Ben Yitzhak was, though, far more than a reclusive eccentric, and the fascination and power of his slim body of work itself lingers on. While there are numerous and varied explanations for his extremely limited yield—as well as a range of opinions concerning his development as a poet and eventual descent into total silence—few question his essential contribution to the development of modern Hebrew writing. No less a figure than Haim Nahman Bialik, the foremost Hebrew poet of his time, credited Ben Yitzhak with having given him the first taste of the new wave of Hebrew poetry and hailed him as a pioneer. Poets and readers of his own generation expressed astonishment at the nobility of Ben Yitzhak’s poetry and viewed him as a guide to matters both literary and spiritual. Major poets of subsequent generations have continued to see in him a figure of exemplary purity, perhaps the harbinger of Hebrew modernism in verse, and — his aloofness and meager output notwithstanding — a pivotal figure in the renascence of modern Hebrew literature. As Lea Goldberg put it: “He was the first Hebrew poet whose watch-hands showed not only the specific Hebrew time, but the hour it was for world literature.”

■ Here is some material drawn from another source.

(* Let $f,g:\mathbb{R}^n\to[0,+\infty)$ and $h_1,h_2:\mathbb{R}^n\to\mathbb{R}$, let $C\subseteq\mathbb{R}^n$ be closed and convex, $\Omega:=\{x:g(x)\neq0\}$, $C\cap\Omega\neq\emptyset$, and assume: $f$ is convex; $g$ is differentiable with locally Lipschitz gradient; $h_1$ is differentiable with locally Lipschitz gradient; $h_2$ is convex. Let $F$, $H$ and Algorithm 1 be as in the context, run with parameters $x^0\in\mathrm{dom}F$, $0<\underline{\alpha}<\overline{\alpha}$, $\sigma>0$, $0<r<1$, and assume the level set $\mathcal{X}_0:=\{x\in\mathrm{dom}F:F(x)\le F(x^0)\}$ is compact. Then Algorithm 1 is well defined: there exists $\underline{\alpha}_\sigma>0$ such that for every $k\in\mathbb{N}$ the inner loop (Step 2) terminates after finitely many reductions, at some $\alpha_k\ge\min\{\underline{\alpha},\underline{\alpha}_\sigma\}\,r$. Moreover, the generated sequence $\{x^k:k\in\mathbb{N}\}$ lies in $\mathcal{X}_0\subseteq\Omega\cap C$ and satisfies $$F(x^{k+1})+\frac{\sigma}{2}\|x^{k+1}-x^k\|_2^2\le F(x^k)\quad\text{for all }k\in\mathbb{N}.$$
   Context: $F(x)=f^2(x)/g(x)+h_1(x)-h_2(x)$ if $x\in\Omega\cap C$, $F(x)=+\infty$ otherwise. $\iota_C$ is the indicator of $C$, $h_2^\star(z)=\sup_x\{\langle x,z\rangle-h_2(x)\}$ is the convex conjugate, $\partial h_2$ is the convex subdifferential, and $\mathrm{prox}_\varphi(y)=\arg\min_x\{\varphi(x)+\frac12\|x-y\|_2^2\}$. Define $H:\mathbb{R}^n\times\mathbb{R}^n\times\mathbb{R}\to(-\infty,+\infty]$ by $H(x,z,c)=2cf(x)+\iota_C(x)-c^2g(x)+h_1(x)+h_2^\star(z)-\langle x,z\rangle$. Algorithm 1: given $x^0\in\mathrm{dom}F$, $0<\underline{\alpha}<\overline{\alpha}$, $\sigma>0$, $0<r<1$, for $k=0,1,2,\dots$: (Step 1) compute $c_k=f(x^k)/g(x^k)$, choose $z^k\in\partial h_2(x^k)$, set $\alpha:=\widetilde{\alpha}_k$ for some $\widetilde{\alpha}_k\in[\underline{\alpha},\overline{\alpha}]$; (Step 2) compute $\widehat{x}^k\in\mathrm{prox}_{2\alpha c_kf+\iota_C}\big(x^k-\alpha(\nabla h_1(x^k)-c_k^2\nabla g(x^k)-z^k)\big)$; if $\widehat{x}^k\in\Omega$ and $H(\widehat{x}^k,z^k,f(\widehat{x}^k)/g(\widehat{x}^k))+\frac{\sigma}{2}\|\widehat{x}^k-x^k\|_2^2\le F(x^k)$, set $x^{k+1}=\widehat{x}^k$ and $\alpha_k:=\alpha$ and go to the next $k$; otherwise set $\alpha:=r\alpha$ and repeat Step 2. *)

theory Defs
  imports "HOL-Analysis.Analysis"
begin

Most of Ben Yitzhak’s poems were written before the start of World War I. His first published work, “Bright Winter” was written in 1903, when the poet was twenty, and appeared five years later in the important Odessa-based Hebrew journal HaShilo’ah. Over the course of the next four years, several other poems were printed in periodicals, and later—in 1918 and 1930—two more. That was all. Ben Yitzhak did not publish a book in his lifetime—though Bialik, among others, tried to convince him to collect his work, and in 1918 suggested that his own publishing house, Moriah, bring out a book of Ben Yitzhak’s poems, as well as a volume of his essays about Hebrew literature. For whatever reason, Ben Yitzhak declined, and several years later again rebuffed Bialik when the poet-editor served as a go-between for another publisher and attempted to have the younger poet’s work collected in book form. Indeed, as the interest in Ben Yitzhak’s poetry grew, so did his own resistance to public exposure. Years later, the editors of the leading Hebrew journal in Palestine, Turim, managed to circumvent Ben Yitzhak’s refusal to have his work published by printing thirty copies of a stenciled pamphlet, which included all twelve of his poems that had been previously published in journals (the eleven canonical poems plus “To The Sower”) and distributing it as a gift from the editors to the magazine’s contributors. In 1940, a further stencil “edition” of fifty copies was issued and given out by the Histadrut labor federation.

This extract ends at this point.